Reputation: 71
I got a DataFrame that loks like this:
I'd like to add a new column that checks for each row if the "attributes.count" in the current and also the 5 previous rows stays at zero. If so, I want it to return True. In Excel I would simply use realtive references for the last 5 cells, but I didn't find anything like that for pandas.
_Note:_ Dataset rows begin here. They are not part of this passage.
lemma integrable_box_dominant: "integrable \<nu> (\<lambda>y. c * box_dominant y)"
  unfolding box_dominant_eq_sum_corners
  by (intro integrable_mult_right Bochner_Integration.integrable_sum integrable_exp_linear)
    (use eps_pos in auto)

lemma box_dominant_nonneg: "0 \<le> box_dominant y"
  unfolding box_dominant_def by (intro prod_nonneg) (auto intro: add_nonneg_nonneg)

lemma exp_linear_mult_le_box_dominant:
  assumes h: "\<forall>c<m. \<bar>h c - h0 c\<bar> \<le> \<epsilon>/4" and "a < m" "b < m"
  shows "exp (\<Sum>c<m. t y c * h c) * ((1 + \<bar>t y a\<bar>) * (1 + \<bar>t y b\<bar>)) \<le> box_const * box_dominant y"
proof -
  have "exp (\<Sum>c<m. t y c * h c) * ((1 + \<bar>t y a\<bar>) * (1 + \<bar>t y b\<bar>))
      \<le> exp (\<Sum>c<m. t y c * h c) * (\<Prod>c<m. (1 + \<bar>t y c\<bar>)\<^sup>2)"
    using assms by (intro mult_left_mono mult_le_prod_power2) auto
  also have "\<dots> = (\<Prod>c<m. exp (t y c * h c) * (1 + \<bar>t y c\<bar>)\<^sup>2)"
    by (simp add: exp_sum prod.distrib)
  also have "\<dots> \<le> (\<Prod>c<m. (2 + 64 / \<epsilon>\<^sup>2) * (exp (t y c * (h0 c + \<epsilon>/2)) + exp (t y c * (h0 c - \<epsilon>/2))))"
    using h by (intro prod_mono conjI mult_nonneg_nonneg exp_mult_one_plus_abs_sq_le eps_pos) auto
  also have "\<dots> = box_const * box_dominant y"
    by (simp add: prod.distrib box_dominant_def)
  finally show ?thesis .
qed

lemma integrable_exp_linear_weighted:
  assumes h: "\<forall>c<m. \<bar>h c - h0 c\<bar> \<le> \<epsilon>/4" and ab: "a < m" "b < m"
    and w: "w \<in> borel_measurable \<nu>" "\<And>y. \<bar>w y\<bar> \<le> (1 + \<bar>t y a\<bar>) * (1 + \<bar>t y b\<bar>)"
  shows "integrable \<nu> (\<lambda>y. exp (\<Sum>c<m. t y c * h c) * w y)"
proof (rule Bochner_Integration.integrable_bound[OF integrable_box_dominant[of box_const]])
  show "(\<lambda>y. exp (\<Sum>c<m. t y c * h c) * w y) \<in> borel_measurable \<nu>"
    using measurable_exp_linear w(1) by measurable
  have "\<bar>exp (\<Sum>c<m. t y c * h c) * w y\<bar> \<le> exp (\<Sum>c<m. t y c * h c) * ((1 + \<bar>t y a\<bar>) * (1 + \<bar>t y b\<bar>))" for y
    using w(2) by (simp add: abs_mult mult_left_mono)
  with exp_linear_mult_le_box_dominant[OF h ab] box_dominant_nonneg eps_pos
  show "AE y in \<nu>. norm (exp (\<Sum>c<m. t y c * h c) * w y) \<le> norm (box_const * box_dominant y)"
    by (intro AE_I2) (smt (verit) real_norm_def zero_le_power zero_le_divide_iff zero_le_power2 mult_nonneg_nonneg)
qed

lemma exp_curve_deriv_le_box_dominant:
  assumes h: "\<forall>a<m. \<bar>h a - h0 a\<bar> \<le> \<epsilon>/4" and h': "\<forall>a<m. \<bar>h' a\<bar> \<le> M"
    and w: "\<bar>w\<bar> \<le> 1 + \<bar>t y b\<bar>" and b: "b < m"
  shows "\<bar>exp (\<Sum>a<m. t y a * h a) * w * (\<Sum>a<m. t y a * h' a)\<bar> \<le> (real m * M * box_const) * box_dominant y"
proof -
  let ?E = "exp (\<Sum>a<m. t y a * h a)"
  have M: "0 \<le> M" using h' b by (meson abs_ge_zero order_trans)
  have "\<bar>\<Sum>a<m. t y a * h' a\<bar> \<le> (\<Sum>a<m. (1 + \<bar>t y a\<bar>) * M)"
    using h' M by (intro order_trans[OF sum_abs] sum_mono) (auto simp: abs_mult intro: mult_mono)
  then have "\<bar>?E * w * (\<Sum>a<m. t y a * h' a)\<bar> \<le> ?E * (1 + \<bar>t y b\<bar>) * (\<Sum>a<m. (1 + \<bar>t y a\<bar>) * M)"
    using w M unfolding abs_mult by (intro mult_mono) (auto intro: sum_nonneg)
  also have "\<dots> = M * (\<Sum>a<m. ?E * ((1 + \<bar>t y a\<bar>) * (1 + \<bar>t y b\<bar>)))"
    by (simp add: sum_distrib_left sum_distrib_right ac_simps)
  also have "\<dots> \<le> M * (\<Sum>a<m. box_const * box_dominant y)"
    using h b M by (intro mult_left_mono sum_mono exp_linear_mult_le_box_dominant) auto
  finally show ?thesis by (simp add: mult_ac)
qed

lemma DERIV_integral_exp_curve:
  fixes c c' :: "real \<Rightarrow> nat \<Rightarrow> real" and w :: "'y \<Rightarrow> real"
  assumes r: "r > 0"
    and box: "\<And>v a. v \<in> ball v0 r \<Longrightarrow> a < m \<Longrightarrow> \<bar>c v a - h0 a\<bar> \<le> \<epsilon>/4"
    and deriv: "\<And>v a. v \<in> ball v0 r \<Longrightarrow> a < m \<Longrightarrow> ((\<lambda>u. c u a) has_real_derivative c' v a) (at v)"
    and velocity: "\<And>v a. v \<in> ball v0 r \<Longrightarrow> a < m \<Longrightarrow> \<bar>c' v a\<bar> \<le> M"
    and w: "w \<in> borel_measurable \<nu>" "\<And>y. \<bar>w y\<bar> \<le> 1 + \<bar>t y b\<bar>" and b: "b < m"
  shows "((\<lambda>v. \<integral>y. exp (\<Sum>a<m. t y a * c v a) * w y \<partial>\<nu>) has_real_derivative
          (\<integral>y. exp (\<Sum>a<m. t y a * c v0 a) * w y * (\<Sum>a<m. t y a * c' v0 a) \<partial>\<nu>)) (at v0)"
proof (rule DERIV_integral_dominated[OF r])
  show "((\<lambda>u. exp (\<Sum>a<m. t y a * c u a) * w y) has_real_derivative
        exp (\<Sum>a<m. t y a * c v a) * w y * (\<Sum>a<m. t y a * c' v a)) (at v)"
    if v: "v \<in> ball v0 r" for v y
  proof -
    have "((\<lambda>u. \<Sum>a<m. t y a * c u a) has_real_derivative (\<Sum>a<m. t y a * c' v a)) (at v)"
      by (intro DERIV_sum DERIV_cmult deriv[OF v]) simp
    from DERIV_cmult_right[OF DERIV_chain2[OF DERIV_exp this], of "w y"]
    show ?thesis by (simp add: ac_simps)
  qed
  have "\<bar>w y\<bar> \<le> (1 + \<bar>t y b\<bar>) * (1 + \<bar>t y b\<bar>)" for y
    using w(2)[of y] by (smt (verit) abs_ge_zero mult_le_cancel_left1)
  then show "integrable \<nu> (\<lambda>y. exp (\<Sum>a<m. t y a * c v a) * w y)" if "v \<in> ball v0 r" for v
    using box[OF that] by (intro integrable_exp_linear_weighted[OF _ b b w(1)]) auto
  show "(\<lambda>y. exp (\<Sum>a<m. t y a * c v0 a) * w y * (\<Sum>a<m. t y a * c' v0 a)) \<in> borel_measurable \<nu>"
    using measurable_exp_linear measurable_linear w(1) by measurable
  show "\<bar>exp (\<Sum>a<m. t y a * c v a) * w y * (\<Sum>a<m. t y a * c' v a)\<bar>
      \<le> (real m * M * box_const) * box_dominant y" if "v \<in> ball v0 r" for v y
    using box[OF that] velocity[OF that] w(2) b by (intro exp_curve_deriv_le_box_dominant) auto
qed (rule integrable_box_dominant)

end

section \<open>The log-partition function along the network\<close>

locale network_exp_family = exp_family_box \<nu> t "n L" "net_out \<sigma> L n \<theta> x" \<epsilon>
  for \<sigma> :: "real \<Rightarrow> real" and L :: nat and n :: "nat \<Rightarrow> nat" and x :: "nat \<Rightarrow> real"
    and \<nu> :: "'y measure" and t :: "'y \<Rightarrow> nat \<Rightarrow> real" and \<theta> :: params and \<epsilon> :: real +
  assumes C2: "C2 \<sigma>"
    and space_nonnull: "emeasure \<nu> (space \<nu>) \<noteq> 0"
    and outputs_nonempty: "n L \<ge> 1"
begin

abbreviation out :: "params \<Rightarrow> nat \<Rightarrow> real" where
  "out W a \<equiv> net_out \<sigma> L n W x a"

abbreviation dout :: "nat \<times> nat \<times> nat \<Rightarrow> nat \<Rightarrow> params \<Rightarrow> real" where
  "dout r a \<equiv> partial r (\<lambda>W. out W a)"

definition near :: "params \<Rightarrow> bool" where
  "near W \<longleftrightarrow> (\<forall>a<n L. \<bar>out W a - out \<theta> a\<bar> < \<epsilon>/4)"

definition Z :: "params \<Rightarrow> real" where
  "Z W = (\<integral>y. exp (\<Sum>a<n L. t y a * out W a) \<partial>\<nu>)"

definition Z_moment :: "nat \<Rightarrow> params \<Rightarrow> real" where
  "Z_moment b W = (\<integral>y. exp (\<Sum>a<n L. t y a * out W a) * t y b \<partial>\<nu>)"

definition Z_partial :: "nat \<times> nat \<times> nat \<Rightarrow> params \<Rightarrow> real" where
  "Z_partial r W = (\<Sum>a<n L. dout r a W * Z_moment a W)"

definition log_partition_partial :: "nat \<times> nat \<times> nat \<Rightarrow> params \<Rightarrow> real" where
  "log_partition_partial r W = Z_partial r W / Z W"

lemma coord_differentiable2_out: "coord_differentiable2 (\<lambda>W. out W a)"
  by (rule coord_differentiable2_net_out[OF C2])

lemma near_theta: "near \<theta>"
  unfolding near_def using eps_pos by simp

lemma near_fun_upd_ball:
  assumes "near W"
  shows "\<exists>\<rho>>0. \<exists>M. \<forall>v\<in>ball (W r) \<rho>. near (W(r := v)) \<and> (\<forall>a<n L. \<bar>dout r a (W(r := v))\<bar> \<le> M)"
proof -
  define M where "M = (\<Sum>a<n L. \<bar>dout r a W\<bar>) + 1"
  define P where "P v a \<longleftrightarrow> \<bar>out (W(r := v)) a - out W a\<bar> < \<epsilon>/4 - \<bar>out W a - out \<theta> a\<bar> \<and>
      \<bar>dout r a (W(r := v)) - dout r a W\<bar> < 1" for v a
  have "eventually (\<lambda>v. P v a) (at (W r))" if a: "a < n L" for a
  proof -
    have "((\<lambda>v. out (W(r := v)) a) \<longlongrightarrow> out W a) (at (W r))"
      "((\<lambda>v. dout r a (W(r := v))) \<longlongrightarrow> dout r a W) (at (W r))"
      using DERIV_fun_upd_partial[THEN DERIV_isCont, unfolded isCont_def, of _ W r "W r"]
        coord_differentiable2_out coord_differentiable2_imp_coord_differentiable
        coord_differentiable2_imp_partial
      by auto
    note close = this[unfolded tendsto_iff, rule_format]
    have "\<epsilon>/4 - \<bar>out W a - out \<theta> a\<bar> > 0"
      using assms a unfolding near_def by auto
    from close(1)[OF this] close(2)[of 1] show ?thesis
      unfolding P_def by (auto simp: dist_real_def elim: eventually_elim2)
  qed
  then have "eventually (\<lambda>v. \<forall>a\<in>{..<n L}. P v a) (at (W r))"
    by (intro eventually_ball_finite) auto
  then obtain \<rho> where \<rho>: "\<rho> > 0" "\<And>v. v \<noteq> W r \<Longrightarrow> dist v (W r) < \<rho> \<Longrightarrow> \<forall>a\<in>{..<n L}. P v a"
    unfolding eventually_at by auto
  have P: "P v a" if "v \<in> ball (W r) \<rho>" "a < n L" for v a
    using \<rho> that assms eps_pos unfolding P_def near_def
    by (cases "v = W r") (auto simp: dist_commute)
  have "\<bar>dout r a W\<bar> \<le> (\<Sum>a<n L. \<bar>dout r a W\<bar>)" if "a < n L" for a
    using that by (intro member_le_sum) auto
  then have "near (W(r := v)) \<and> (\<forall>a<n L. \<bar>dout r a (W(r := v))\<bar> \<le> M)" if "v \<in> ball (W r) \<rho>" for v
    using P[OF that] unfolding near_def P_def M_def by (smt (verit))
  with \<rho>(1) show ?thesis by blast
qed

lemma DERIV_integral_exp_out:
  assumes W: "near W" and w: "w \<in> borel_measurable \<nu>" "\<And>y. \<bar>w y\<bar> \<le> 1 + \<bar>t y b\<bar>" and b: "b < n L"
  shows "((\<lambda>v. \<integral>y. exp (\<Sum>a<n L. t y a * out (W(r := v)) a) * w y \<partial>\<nu>) has_real_derivative
          (\<integral>y. exp (\<Sum>a<n L. t y a * out W a) * w y * (\<Sum>a<n L. t y a * dout r a W) \<partial>\<nu>)) (at (W r))"
proof -
  obtain \<rho> M where \<rho>: "\<rho> > 0"
    and ball: "\<And>v. v \<in> ball (W r) \<rho> \<Longrightarrow> near (W(r := v)) \<and> (\<forall>a<n L. \<bar>dout r a (W(r := v))\<bar> \<le> M)"
    using near_fun_upd_ball[OF W, of r] by blast
  have "((\<lambda>v. \<integral>y. exp (\<Sum>a<n L. t y a * out (W(r := v)) a) * w y \<partial>\<nu>) has_real_derivative
      (\<integral>y. exp (\<Sum>a<n L. t y a * out (W(r := W r)) a) * w y * (\<Sum>a<n L. t y a * dout r a (W(r := W r))) \<partial>\<nu>))
      (at (W r))"
  proof (rule DERIV_integral_exp_curve[OF \<rho>, where M=M])
    show "\<bar>out (W(r := v)) a - out \<theta> a\<bar> \<le> \<epsilon>/4" if "v \<in> ball (W r) \<rho>" "a < n L" for v a
      using ball[OF that(1)] that(2) unfolding near_def by force
    show "((\<lambda>u. out (W(r := u)) a) has_real_derivative dout r a (W(r := v))) (at v)" for v a
      by (intro DERIV_fun_upd_partial coord_differentiable2_imp_coord_differentiable coord_differentiable2_out)
    show "\<bar>dout r a (W(r := v))\<bar> \<le> M" if "v \<in> ball (W r) \<rho>" "a < n L" for v a
      using ball[OF that(1)] that(2) by blast
  qed (use w b in auto)
  then show ?thesis by simp
qed

lemma integrable_exp_out:
  assumes "near W" "a < n L" "b < n L"
    and "w \<in> borel_measurable \<nu>" "\<And>y. \<bar>w y\<bar> \<le> (1 + \<bar>t y a\<bar>) * (1 + \<bar>t y b\<bar>)"
  shows "integrable \<nu> (\<lambda>y. exp (\<Sum>c<n L. t y c * out W c) * w y)"
  using assms(1) by (intro integrable_exp_linear_weighted[OF _ assms(2-5)]) (auto simp: near_def)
So if I am in row 55, I just want to check if the rows 50 to 55 contain nothing but zeros and, if so, return True.
I experimented with the .diff() method but that doesn't really do the trick, since it only checks the previous row and not a certain amount of prevous rows all together:
df["Is zero?"] = df["attributes.count"].diff()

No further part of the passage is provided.